Surace, a Frenchman, brought a 25-0-2 record and a 22-fight winning streak, but a quick glance at his record showed that he had scant chance of holding his own with the house fighter. Only four of Surace’s 25 wins had come by stoppage and only eight of his wins had come against opponents with winning records. Munguia was making the first start in the city of his birth since February 2022. Surace had never fought outside Europe.

But hold the phone!

After losing every round heading into the sixth, Surace scored the Upset of the Year, ending the contest with a one-punch knockout.

It looked like a short and easy night for Munguia when he knocked Surace down with a left hook in the second stanza. From that point on, the Frenchman fought off his back foot, often with back to the ropes, throwing punches only in spurts. Munguia worked the body well and was seemingly on the way to wearing him down when he was struck by lightning in the form of an overhand right.

Down went Munguia, landing on his back. He struggled to get to his feet, but the referee waived it off a nano-second before reaching “10.” The official time was 2:36 of round six.

Munguia, who was 44-1 heading in with 35 KOs, was as high as a 35/1 favorite. In his only defeat, he had gone the distance with Canelo Alvarez. This was the biggest upset by a French fighter since Rene Jacquot outpointed Donald Curry in 1989 and Jacquot had the advantage of fighting in his homeland.

Co-Main

Mexico City’s Alan Picasso, ranked #1 by the WBC at 122 pounds, scored a third-round stoppage of last-minute sub Yehison Cuello in a scheduled 10-rounder contested at featherweight. Picaso (31-0-1, 17 KOs) is a solid technician. He ended the bout with a left to the rib cage, a punch that weaved around Cuello’s elbow and didn’t appear to be especially hard. The referee stopped his count at “nine” and waived the fight off.

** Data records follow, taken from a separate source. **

(* There exists an absolute constant $c\in(0,1]$ such that for every sufficiently large positive integer $n$ there exist a quartic form $q(x_1,\dots,x_n)=\sum_{\alpha\in\{0,1\}^n,\,|\alpha|=4}d_\alpha x^\alpha$ with $|q(x)|\le1$ for all $x\in\{-1,1\}^n$, and pairwise commuting contractions $A_1,\dots,A_n\in L(\mathbb{R}^{2n+2})$, such that $$\Big\|\sum_{i,j,k,\ell=1}^n(T_q)_{i,j,k,\ell}A_iA_jA_kA_\ell\Big\|\ge c\sqrt n.$$
   Context: For a form $q(x)=\sum_{|\alpha|=4}d_\alpha x^\alpha$, $T_q\in\mathbb{R}^{n\times n\times n\times n}$ is the symmetric tensor $(T_q)_{i,j,k,\ell}=d_{e_i+e_j+e_k+e_\ell}/\tau(i,j,k,\ell)$, where $\tau$ is the number of distinct permutations of $(i,j,k,\ell)$. A contraction is a linear map of operator norm at most $1$; $\|\cdot\|$ denotes the operator norm. *)

theory Defs
  imports Complex_Main "Jordan_Normal_Form.Matrix"
begin

definition eucl_vnorm :: "real vec \<Rightarrow> real" where
  "eucl_vnorm v = sqrt (\<Sum>i<dim_vec v. (v $ i)\<^sup>2)"

definition mat_op_norm :: "real mat \<Rightarrow> real" where
  "mat_op_norm A = Sup {eucl_vnorm (mult_mat_vec A v) | v. v \<in> carrier_vec (dim_col A) \<and> eucl_vnorm v \<le> 1}"

definition ml_quartic_exps :: "nat \<Rightarrow> (nat \<Rightarrow> nat) set" where
  "ml_quartic_exps n = {\<alpha>. (\<forall>m. \<alpha> m \<le> 1) \<and> (\<forall>m\<ge>n. \<alpha> m = 0) \<and> (\<Sum>m<n. \<alpha> m) = 4}"

definition qform :: "nat \<Rightarrow> ((nat \<Rightarrow> nat) \<Rightarrow> real) \<Rightarrow> (nat \<Rightarrow> real) \<Rightarrow> real" where
  "qform n d x = (\<Sum>\<alpha>\<in>ml_quartic_exps n. d \<alpha> * (\<Prod>m<n. x m ^ \<alpha> m))"

definition tau4 :: "nat \<Rightarrow> nat \<Rightarrow> nat \<Rightarrow> nat \<Rightarrow> nat" where
  "tau4 i j k l = card {xs. mset xs = mset [i, j, k, l]}"

definition Tq :: "((nat \<Rightarrow> nat) \<Rightarrow> real) \<Rightarrow> nat \<Rightarrow> nat \<Rightarrow> nat \<Rightarrow> nat \<Rightarrow> real" where
  "Tq d i j k l = d (\<lambda>m. count (mset [i, j, k, l]) m) / real (tau4 i j k l)"

definition tensor_eval :: "nat \<Rightarrow> nat \<Rightarrow> ((nat \<Rightarrow> nat) \<Rightarrow> real) \<Rightarrow> (nat \<Rightarrow> real mat) \<Rightarrow> real mat" where
  "tensor_eval N n d A = mat N N (\<lambda>(r, s).
     \<Sum>i<n. \<Sum>j<n. \<Sum>k<n. \<Sum>l<n. Tq d i j k l * ((A i * A j * A k * A l) $$ (r, s)))"

end

theory Submission
  imports Defs "HOL-Combinatorics.Multiset_Permutations"
begin
(* Let $M$ be a closed affine $(n+1)$-dimensional manifold with developing pair $(\mathrm{dev},\mathrm{hol})$, $\Gamma=\pi_1(M,p)$, and suppose the affine holonomy admits a parallel (constant) vector field, i.e. there is a nonzero vector $v\in\mathbb{R}^{n+1}$ fixed by the linear part of every element of $\mathrm{hol}(\Gamma)$. Let $T_t(x)=x+tv$ be the associated translational flow on $\mathbb{A}^{n+1}$. Then there exists a complete flow $\widetilde\Theta_t$ on the universal cover $\widetilde M$, commuting with the deck group $\Gamma$, such that $\mathrm{dev}\circ\widetilde\Theta_t=T_t\circ\mathrm{dev}$ for all $t\in\mathbb{R}$. Moreover, there exist nonempty open subsets of $\widetilde M$ invariant under $\widetilde\Theta_t$ on which the restriction of $\mathrm{dev}$ is a diffeomorphism onto its image.
   Context: An $m$-dimensional affine manifold is a smooth $m$-manifold $M$ with an atlas of charts into $\mathbb{A}^m$ whose transition maps are, on each connected component of each overlap, restrictions of affine automorphisms. Such a structure determines a developing pair $(\mathrm{dev},\mathrm{hol})$: a local diffeomorphism $\mathrm{dev}:\widetilde M\to\mathbb{A}^m$ on the universal cover and a homomorphism $\mathrm{hol}:\Gamma=\pi_1(M,p)\to\mathrm{Aff}(m,\mathbb{R})$ with $\mathrm{dev}\circ\gamma=\mathrm{hol}(\gamma)\circ\mathrm{dev}$ for every deck transformation $\gamma\in\Gamma$. *)

theory Defs
  imports "HOL-Analysis.Analysis"
begin

definition local_homeo :: "('x::topological_space \<Rightarrow> 'y::topological_space) \<Rightarrow> bool" where
  "local_homeo f \<longleftrightarrow>
     (\<forall>x. \<exists>U. open U \<and> x \<in> U \<and> open (f ` U) \<and> (\<exists>g. homeomorphism U (f ` U) f g))"

definition homeo_group :: "('x::topological_space \<Rightarrow> 'x) set \<Rightarrow> bool" where
  "homeo_group G \<longleftrightarrow> id \<in> G \<and>
     (\<forall>g\<in>G. \<forall>h\<in>G. g \<circ> h \<in> G) \<and>
     (\<forall>g\<in>G. \<exists>h\<in>G. g \<circ> h = id \<and> h \<circ> g = id) \<and>
     (\<forall>g\<in>G. continuous_on UNIV g)"

text \<open>Free, properly discontinuous action with compact quotient: then
  the orbit space is a closed manifold with fundamental group G and universal
  cover the ambient space (when the space is simply connected).\<close>
definition free_action :: "('x \<Rightarrow> 'x) set \<Rightarrow> bool" where
  "free_action G \<longleftrightarrow> (\<forall>g\<in>G. \<forall>x. g x = x \<longrightarrow> g = id)"

definition properly_discontinuous :: "('x::topological_space \<Rightarrow> 'x) set \<Rightarrow> bool" where
  "properly_discontinuous G \<longleftrightarrow>
     (\<forall>K. compact K \<longrightarrow> finite {g\<in>G. g ` K \<inter> K \<noteq> {}})"

definition cocompact :: "('x::topological_space \<Rightarrow> 'x) set \<Rightarrow> bool" where
  "cocompact G \<longleftrightarrow> (\<exists>K. compact K \<and> (\<Union>g\<in>G. g ` K) = UNIV)"
(*
  Part (1): let F be the frontmost square and \<gamma> the gap. Because the instance has width and
  height at most 2, every square covering a column (height) of a square j meets the bottom or top
  (left or right) side of j. Hence the horizontal visible length of j is at most 1 plus the length
  of the set of columns at which j is frontmost, and these sets are disjoint for different j and
  miss the columns of F, so over all j \<noteq> F they add up to at most w - 1. Likewise the vertical
  visible length of j is at most 1 plus the length of the heights at which j is frontmost. The
  heights outside the range of F split into n - 1 row gaps of lengths \<Delta>y_p, each owned by a single
  square j \<noteq> F, so every j \<noteq> F satisfies \<gamma> \<le> (its columns) + (\<Delta>y of the gaps it owns). As the
  n - 1 gaps are distributed among the n - 1 squares j \<noteq> F, the deficits \<Delta>x_p = max 0 (\<gamma> - \<Delta>y_p)
  add up to at most w - 1.

  Part (2): perturb \<Delta>x to strictly positive steps losing at most \<delta> each and stack the squares as
  a proper staircase with these horizontal steps. Square i then shows its full bottom and left
  sides, \<Delta>x_i of its top and \<Delta>y_i of its right side, and the last square shows everything.
*)

theory Submission
  imports Defs
begin
(* Assume $\gamma'\le0$ on $\mathbb R$. Let $(\psi,\eta,\alpha)$ solve (W1)–(W8) and let $v$ be the conformal vertical velocity. If $v\le0$ on $\Gamma^+$, then either $v<0$ in $\Gamma^+\cup\mathcal R^+$, or $v\equiv0$.
   Context: Standing setup: $\mathcal R=\{(x,y):0<y<1\}$, $\Gamma=\{y=1\}$, $B=\{y=0\}$, $\mathcal R^+=\mathcal R\cap\{x>0\}$, $\Gamma^+=\Gamma\cap\{x>0\}$, $\beta\in(0,1)$. $\gamma\in C^{2,1}_{\rm loc}(\mathbb R)$; $\psi_{\rm triv}''=-\gamma(\psi_{\rm triv})$ on $[0,1]$, $\psi_{\rm triv}(0)=0$, $\psi_{\rm triv}(1)=1$, $\psi_{\rm triv}'>0$ on $[0,1]$; $\mu=\psi_{\rm triv}'(1)^2$. Given $\alpha\in\mathbb R$, the problem for $(\psi,\eta)$ is: (W1) $\Delta\psi=-\gamma(\psi)|\nabla\eta|^2$ in $\mathcal R$; (W2) $\psi=1$ on $\Gamma$, $\psi=0$ on $B$; (W3) $\psi_y^2=(\mu-2\alpha(\eta-1))|\nabla\eta|^2$ on $\Gamma$; (W4) $\Delta\eta=0$ in $\mathcal R$, $\eta=0$ on $B$; (W5) $\psi(x,y)\to\psi_{\rm triv}(y)$, $\eta(x,y)\to y$ as $x\to\pm\infty$ uniformly in $y$; (W6) $\psi,\eta\in C^{3+\beta}_b(\overline{\mathcal R})$; (W7) $\psi,\eta$ even in $x$; (W8) $\inf_{\mathcal R}(\mu-2\alpha(\eta-1))|\nabla\eta|^2>0$. Velocity in conformal variables: $u=\dfrac{\psi_x\eta_x+\psi_y\eta_y}{\eta_x^2+\eta_y^2}$, $v=\dfrac{\psi_y\eta_x-\psi_x\eta_y}{\eta_x^2+\eta_y^2}$. *)

theory Defs
  imports "HOL-Analysis.Analysis"
begin

definition strip :: "(real \<times> real) set" where
  "strip = {p. 0 < snd p \<and> snd p < 1}"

A 29-year-old Colombian who reportedly had been training in Tijuana, the overmatched Cuello slumped to 13-3-1.

Other Bouts of Note

In a ho-hum affair, junior middleweight Jorge Garcia advanced to 32-4 (26) with a 10-round unanimous decision over Uzbekistan’s Kudratillo Abudukakhorov (20-4). The judges had it 97-92 and 99-90 twice. There were no knockdowns, but Garcia had a point deducted in round eight for low blows.

Garcia displayed none of the power that he showed in his most recent fight three months ago in Arizona and when he knocked out his German opponent in 46 seconds. Abudukakhorov, who has competed mostly as a welterweight, came in at 158 1/4 pounds and didn’t look in the best of shape. The Uzbek was purportedly 170-10 as an amateur (4-5 per boxrec).

Super bantamweight Sebastian Hernandez improved to 18-0 (17 KOs) with a seventh-round stoppage of Argentine import Sergio Martin (14-5). The end came at the 2:39 mark of round seven when Martin’s corner threw in the towel. Earlier in the round, Martin lost his mouthpiece and had a point deducted for holding.

Hernandez wasn’t all that impressive considering the high expectations born of his high knockout ratio, but appeared to have injured his right hand during the sixth round.